#### WHAT IS NEEDED:
Look over the lines below. Report each one that includes the string "imports".

Entries taken from a collection:
********

(* Let $(M_n)_{n\in\mathbb N}$ be a submartingale with respect to a filtration $(\mathcal F_n)_{n\in\mathbb N}$, with $M_0=0$. Suppose there is $\alpha>0$ such that for every $n\in\mathbb N$, $\mathbb E[e^{\alpha\sum_{k=1}^n|\Delta_kM|}]<\infty$. Then, for every $a>0$ and every $\lambda>0$ small enough, the sequence $$\Big(\exp\big(\lambda M_n-\tfrac{\mathfrak f(\lambda a)}{a^2}G_n^a\big)\Big)_{n\in\mathbb N}$$ is a submartingale with respect to $(\mathcal F_n)$.
   Context: $\Delta_nM=M_n-M_{n-1}$; $\mathfrak f(\lambda)=e^{-\lambda}-1+\lambda$; for $a>0$, $G_n^a=\sum_{i=1}^n\mathbb E[(\Delta_iM)^2\mathbf 1_{|\Delta_iM|\le a}\mid\mathcal F_{i-1}]-a\sum_{i=1}^n|\Delta_iM|\mathbf 1_{|\Delta_iM|\ge a}$. A submartingale is an adapted integrable sequence with $\mathbb E[\Delta_nM\mid\mathcal F_{n-1}]\ge0$. *)

theory Defs
  imports "HOL-Probability.Probability"
begin

definition filtration :: "'a measure \<Rightarrow> (nat \<Rightarrow> 'a measure) \<Rightarrow> bool" where
  "filtration M F \<longleftrightarrow> (\<forall>n. subalgebra M (F n)) \<and> (\<forall>n. sets (F n) \<subseteq> sets (F (Suc n)))"

definition incr :: "(nat \<Rightarrow> 'a \<Rightarrow> real) \<Rightarrow> nat \<Rightarrow> 'a \<Rightarrow> real" where
  "incr X n x = X n x - X (n - 1) x"

definition submartingale :: "'a measure \<Rightarrow> (nat \<Rightarrow> 'a measure) \<Rightarrow> (nat \<Rightarrow> 'a \<Rightarrow> real) \<Rightarrow> bool" where
  "submartingale M F X \<longleftrightarrow>
     (\<forall>n. X n \<in> borel_measurable (F n)) \<and> (\<forall>n. integrable M (X n)) \<and>
     (\<forall>n\<ge>1. AE x in M. real_cond_exp M (F (n - 1)) (incr X n) x \<ge> 0)"

definition frak_f :: "real \<Rightarrow> real" where
  "frak_f t = exp (- t) - 1 + t"

definition G :: "'a measure \<Rightarrow> (nat \<Rightarrow> 'a measure) \<Rightarrow> (nat \<Rightarrow> 'a \<Rightarrow> real) \<Rightarrow> real \<Rightarrow> nat \<Rightarrow> 'a \<Rightarrow> real" where
  "G M F X a n x =
     (\<Sum>i\<in>{1..n}. real_cond_exp M (F (i - 1))
         (\<lambda>y. (incr X i y)\<^sup>2 * indicator {y. \<bar>incr X i y\<bar> \<le> a} y) x)
     - a * (\<Sum>i\<in>{1..n}. \<bar>incr X i x\<bar> * indicator {y. \<bar>incr X i y\<bar> \<ge> a} x)"

end

theory Submission
  imports Defs
begin

(* Write c = f(l a) / a^2 and D = Delta_(n+1) X.  The process Y_n = exp (l X_n - c G_n) satisfies
   Y_(n+1) = Y_n exp (- c V) Z with V = E[D^2 1{|D| <= a} | F_n] and Z = exp (l D + c a |D| 1{|D| >= a}),
   so it is a submartingale as soon as E[Z | F_n] >= exp (c V).
   Pointwise, Z dominates 1 + l D + c D^2 1{|D| <= a} plus the margin (l^2/2 - c) D^2 1{0 <= D <= a}
   + c a D 1{D > a}; on {-a <= D < 0} this is the monotonicity of f(y)/y^2.  After conditioning,
   E[D | F_n] >= 0 bounds the conditional mass of the small negative increments by that of the
   positive ones, and for l a <= 1/20 the margin then absorbs the quadratic error in
   exp (c V) <= 1 + c V + (c V)^2.  Integrability of everything follows from l + c a <= alpha. *)

section \<open>Elementary inequalities for exp (-t) - 1 + t\<close>

lemma exp_minus_le_Maclaurin:
  fixes t :: real
  assumes "0 \<le> t" "odd n"
  shows "exp (- t) \<le> (\<Sum>m<n. (- t) ^ m / fact m)"
proof -
  obtain s where "exp (- t) = (\<Sum>m<n. (- t) ^ m / fact m) + exp s / fact n * (- t) ^ n"
    using Maclaurin_exp_le[of "- t" n] by blast
  moreover have "(- t) ^ n \<le> 0"
    using assms by (simp add: power_minus_odd)
  ultimately show ?thesis
    by (simp add: divide_nonpos_pos mult_nonneg_nonpos)
qed

lemma frak_f_nonneg: "0 \<le> frak_f t"
  using exp_ge_add_one_self[of "- t"] by (simp add: frak_f_def)

lemma frak_f_le_half_square:
  assumes "0 \<le> t"
  shows "frak_f t \<le> t\<^sup>2 / 2"
proof -
  have "exp (- t) \<le> (\<Sum>m<3. (- t) ^ m / fact m)"
    by (rule exp_minus_le_Maclaurin) (use assms in auto)
  then show ?thesis
    by (simp add: frak_f_def eval_nat_numeral power2_eq_square)
qed

lemma frak_f_le_Maclaurin_4:
  assumes "0 \<le> t"
  shows "frak_f t \<le> t\<^sup>2 / 2 - t ^ 3 / 6 + t ^ 4 / 24"
proof -
  have "exp (- t) \<le> (\<Sum>m<5. (- t) ^ m / fact m)"
    by (rule exp_minus_le_Maclaurin) (use assms in auto)
  then show ?thesis
    by (simp add: frak_f_def eval_nat_numeral)
qed

lemma frak_f_square_le:
  assumes "0 \<le> t" "t \<le> 1 / 20"
  shows "10 * (frak_f t)\<^sup>2 \<le> t\<^sup>2 / 2 - frak_f t"
proof -
  have "10 * (frak_f t)\<^sup>2 \<le> 10 * (t\<^sup>2 / 2)\<^sup>2"
    using frak_f_nonneg frak_f_le_half_square[OF assms(1)] by (simp add: power_mono)
  also have "\<dots> \<le> t ^ 3 / 6 - t ^ 4 / 24"
  proof -
    have "t ^ 3 * (t * (5 / 2 + 1 / 24)) \<le> t ^ 3 * (1 / 6)"
      using assms by (intro mult_left_mono) auto
    then show ?thesis
      by (simp add: power2_eq_square power3_eq_cube power4_eq_xxxx algebra_simps)
  qed
  also have "\<dots> \<le> t\<^sup>2 / 2 - frak_f t"
    using frak_f_le_Maclaurin_4[OF assms(1)] by simp
  finally show ?thesis .
qed

lemma frak_f_coefficient_bounds:
  fixes a l :: real
  defines "c \<equiv> frak_f (l * a) / a\<^sup>2"
  assumes "0 < a" "0 < l" "l * a \<le> 1 / 20"
  shows "0 \<le> c" "c * a \<le> l" "4 * c * a\<^sup>2 \<le> 1" "10 * c\<^sup>2 * a\<^sup>2 \<le> l\<^sup>2 / 2 - c"
proof -
  have "0 \<le> l * a"
    using assms by simp
  then have half: "frak_f (l * a) \<le> (l * a)\<^sup>2 / 2"
    and square: "10 * (frak_f (l * a))\<^sup>2 \<le> (l * a)\<^sup>2 / 2 - frak_f (l * a)"
    using frak_f_le_half_square frak_f_square_le assms(4) by auto
  have "(l * a)\<^sup>2 \<le> (1 / 20)\<^sup>2"
    using \<open>0 \<le> l * a\<close> assms(4) by (intro power_mono) auto
  with half square assms(2) frak_f_nonneg[of "l * a"]
  show "0 \<le> c" "4 * c * a\<^sup>2 \<le> 1" "10 * c\<^sup>2 * a\<^sup>2 \<le> l\<^sup>2 / 2 - c"
    by (auto simp: c_def field_simps power_mult_distrib)
  have "c * a = frak_f (l * a) / a"
    by (simp add: c_def power2_eq_square)
  also have "\<dots> \<le> (l * a)\<^sup>2 / 2 / a"
    using half assms(2) by (intro divide_right_mono) auto
  also have "\<dots> = l * (l * a / 2)"
    using assms(2) by (simp add: power2_eq_square)
  also have "\<dots> \<le> l"
    using assms(3,4) by (intro mult_left_le) auto
  finally show "c * a \<le> l" .
qed

lemma two_minus_mult_exp_le:
  fixes y :: real
  assumes "0 \<le> y"
  shows "(2 - y) * exp y \<le> 2 + y"
proof -
  have "(2 - y) * exp y - (2 + y) \<le> (2 - 0) * exp 0 - (2 + 0)"
  proof (rule DERIV_nonpos_imp_nonincreasing[OF assms])
    fix x :: real
    assume "0 \<le> x"
    have "(1 - x) * exp x \<le> exp (- x) * exp x"
      using exp_ge_add_one_self[of "- x"] by (intro mult_right_mono) auto
    then have "(1 - x) * exp x - 1 \<le> 0"
      by (simp add: exp_minus)
    moreover have "((\<lambda>x. (2 - x) * exp x - (2 + x)) has_real_derivative (1 - x) * exp x - 1) (at x)"
      by (auto intro!: derivative_eq_intros simp: algebra_simps)
    ultimately show "\<exists>d. ((\<lambda>x. (2 - x) * exp x - (2 + x)) has_real_derivative d) (at x) \<and> d \<le> 0"
      by blast
  qed
  then show ?thesis
    by simp
qed

lemma frak_f_div_square_antimono:
  assumes "0 < y" "y \<le> t"
  shows "frak_f t / t\<^sup>2 \<le> frak_f y / y\<^sup>2"
proof (rule DERIV_nonpos_imp_nonincreasing[OF assms(2)])
  fix x :: real
  assume "y \<le> x"
  with assms have "0 < x"
    by simp
  have "(2 - x) * exp x * exp (- x) \<le> (2 + x) * exp (- x)"
    using two_minus_mult_exp_le \<open>0 < x\<close> by (intro mult_right_mono) auto
  then have "2 - x \<le> (2 + x) * exp (- x)"
    by (simp add: mult.assoc flip: exp_add)
  then have "(2 - x - (2 + x) * exp (- x)) / x ^ 3 \<le> 0"
    using \<open>0 < x\<close> by (intro divide_nonpos_pos) auto
  moreover have "((\<lambda>x. frak_f x / x\<^sup>2) has_real_derivative (2 - x - (2 + x) * exp (- x)) / x ^ 3) (at x)"
    unfolding frak_f_def using \<open>0 < x\<close>
    by (auto intro!: derivative_eq_intros simp: field_simps power2_eq_square power3_eq_cube)
  ultimately show "\<exists>d. ((\<lambda>x. frak_f x / x\<^sup>2) has_real_derivative d) (at x) \<and> d \<le> 0"
    by blast
qed

section \<open>Truncations of an increment\<close>

definition square_below :: "real \<Rightarrow> real \<Rightarrow> real" where
  "square_below a d = (if \<bar>d\<bar> \<le> a then d\<^sup>2 else 0)"

definition abs_above :: "real \<Rightarrow> real \<Rightarrow> real" where
  "abs_above a d = (if a \<le> \<bar>d\<bar> then \<bar>d\<bar> else 0)"

definition pos_below :: "real \<Rightarrow> real \<Rightarrow> real" where
  "pos_below a d = (if 0 \<le> d \<and> d \<le> a then d else 0)"

definition pos_above :: "real \<Rightarrow> real \<Rightarrow> real" where
  "pos_above a d = (if a < d then d else 0)"

definition neg_square_below :: "real \<Rightarrow> real \<Rightarrow> real" where
  "neg_square_below a d = (if - a \<le> d \<and> d < 0 then d\<^sup>2 else 0)"

lemma square_below_eq: "square_below a d = (pos_below a d)\<^sup>2 + neg_square_below a d"
  by (auto simp: square_below_def pos_below_def neg_square_below_def)

lemma abs_pos_below_le: "0 < a \<Longrightarrow> \<bar>pos_below a d\<bar> \<le> a"
  by (simp add: pos_below_def)

lemma neg_square_below_bounds: "0 \<le> neg_square_below a d" "0 < a \<Longrightarrow> neg_square_below a d \<le> a\<^sup>2"
  by (auto simp: neg_square_below_def abs_le_square_iff[symmetric])

lemma abs_pos_above_le: "\<bar>pos_above a d\<bar> \<le> \<bar>d\<bar>"
  by (simp add: pos_above_def)

lemma neg_square_below_le: "0 < a \<Longrightarrow> neg_square_below a d \<le> a * (pos_below a d + pos_above a d - d)"
proof (cases "- a \<le> d \<and> d < 0")
  case True
  then have "(- d) * (- d) \<le> a * (- d)"
    by (intro mult_right_mono) auto
  with True show ?thesis
    by (simp add: neg_square_below_def pos_below_def pos_above_def power2_eq_square)
qed (auto simp: neg_square_below_def pos_below_def pos_above_def)

lemma exp_lower_frak_f_quadratic:
  fixes a l d :: real
  assumes "0 < l" "- a \<le> d" "d < 0"
  shows "1 + l * d + frak_f (l * a) / a\<^sup>2 * d\<^sup>2 \<le> exp (l * d)"
proof -
  have "frak_f (l * a) / (l * a)\<^sup>2 \<le> frak_f (- (l * d)) / (- (l * d))\<^sup>2"
    using assms mult_left_mono[of "- d" a l] by (intro frak_f_div_square_antimono) (auto simp: mult_pos_neg)
  then have "frak_f (l * a) / a\<^sup>2 * d\<^sup>2 \<le> frak_f (- (l * d))"
    using assms by (simp add: field_simps power_mult_distrib)
  then show ?thesis
    by (simp add: frak_f_def)
qed

lemma exp_ge_increment_bound:
  fixes a l d :: real
  defines "c \<equiv> frak_f (l * a) / a\<^sup>2"
  assumes "0 < a" "0 < l"
  shows "1 + l * d + c * square_below a d + (l\<^sup>2 / 2 - c) * (pos_below a d)\<^sup>2 + c * a * pos_above a d
         \<le> exp (l * d + c * a * abs_above a d)" (is "?lhs \<le> _")
proof -
  have "0 \<le> c"
    unfolding c_def by (simp add: frak_f_nonneg)
  then have exp_le: "exp (l * d) \<le> exp (l * d + c * a * abs_above a d)"
    using \<open>0 < a\<close> by (simp add: abs_above_def)
  consider "a < d" | "0 \<le> d" "d \<le> a" | "- a \<le> d" "d < 0" | "d < - a"
    by linarith
  then show ?thesis
  proof cases
    case 1
    then show ?thesis
      using exp_ge_add_one_self[of "l * d + c * a * d"] \<open>0 < a\<close>
      by (simp add: square_below_def abs_above_def pos_below_def pos_above_def algebra_simps)
  next
    case 2
    have "1 + l * d + (l * d)\<^sup>2 / 2 \<le> exp (l * d)"
      using 2 \<open>0 < l\<close> by (intro exp_lower_Taylor_quadratic) simp
    with 2 have "?lhs \<le> exp (l * d)"
      by (simp add: square_below_def pos_below_def pos_above_def power_mult_distrib algebra_simps)
    with exp_le show ?thesis
      by linarith
  next
    case 3
    have "1 + l * d + c * d\<^sup>2 \<le> exp (l * d)"
      unfolding c_def using \<open>0 < l\<close> 3 by (rule exp_lower_frak_f_quadratic)
    with 3 have "?lhs \<le> exp (l * d)"
      by (simp add: square_below_def pos_below_def pos_above_def)
    with exp_le show ?thesis
      by linarith
  next
    case 4
    then have "?lhs \<le> exp (l * d)"
      using exp_ge_add_one_self[of "l * d"] \<open>0 < a\<close>
      by (simp add: square_below_def pos_below_def pos_above_def)
    with exp_le show ?thesis
      by linarith
  qed
qed

lemma square_le_of_le_mult_sum:
  fixes a P N R s :: real
  assumes "0 < a" "0 \<le> P" "0 \<le> N" "N \<le> a\<^sup>2" "0 \<le> R" "s\<^sup>2 \<le> P" "N \<le> a * (s + R)"
  shows "N\<^sup>2 \<le> 4 * a\<^sup>2 * P + 2 * a ^ 3 * R"
proof (cases "s \<le> R")
  case True
  then have "a * (s + R) \<le> a * (2 * R)"
    using assms(1) by (intro mult_left_mono) auto
  then have "N \<le> 2 * a * R"
    using assms(7) by simp
  have "N\<^sup>2 \<le> a\<^sup>2 * N"
    using mult_right_mono[OF assms(4,3)] by (simp add: power2_eq_square)
  also have "\<dots> \<le> a\<^sup>2 * (2 * a * R)"
    using \<open>N \<le> 2 * a * R\<close> by (simp add: mult_left_mono)
  also have "\<dots> = 2 * a ^ 3 * R"
    by (simp add: power2_eq_square power3_eq_cube)
  finally have "N\<^sup>2 \<le> 2 * a ^ 3 * R" .
  moreover have "0 \<le> 4 * a\<^sup>2 * P"
    using assms(2) by simp
  ultimately show ?thesis
    by linarith
next
  case False
  then have "a * (s + R) \<le> a * (2 * s)"
    using assms(1) by (intro mult_left_mono) auto
  then have "N \<le> 2 * a * s"
    using assms(7) by simp
  then have "N\<^sup>2 \<le> (2 * a * s)\<^sup>2"
    using assms(3) by (simp add: power_mono)
  also have "\<dots> = 4 * a\<^sup>2 * s\<^sup>2"
    by (simp add: power_mult_distrib)
  also have "\<dots> \<le> 4 * a\<^sup>2 * P"
    using assms(6) by (simp add: mult_left_mono)
  finally have "N\<^sup>2 \<le> 4 * a\<^sup>2 * P" .
  moreover have "0 \<le> 2 * a ^ 3 * R"
    using assms(1,5) by simp
  ultimately show ?thesis
    by linarith
qed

********

#### RESPONSE TO THIS EXERCISE:
  imports "HOL-Probability.Probability"
  imports Defs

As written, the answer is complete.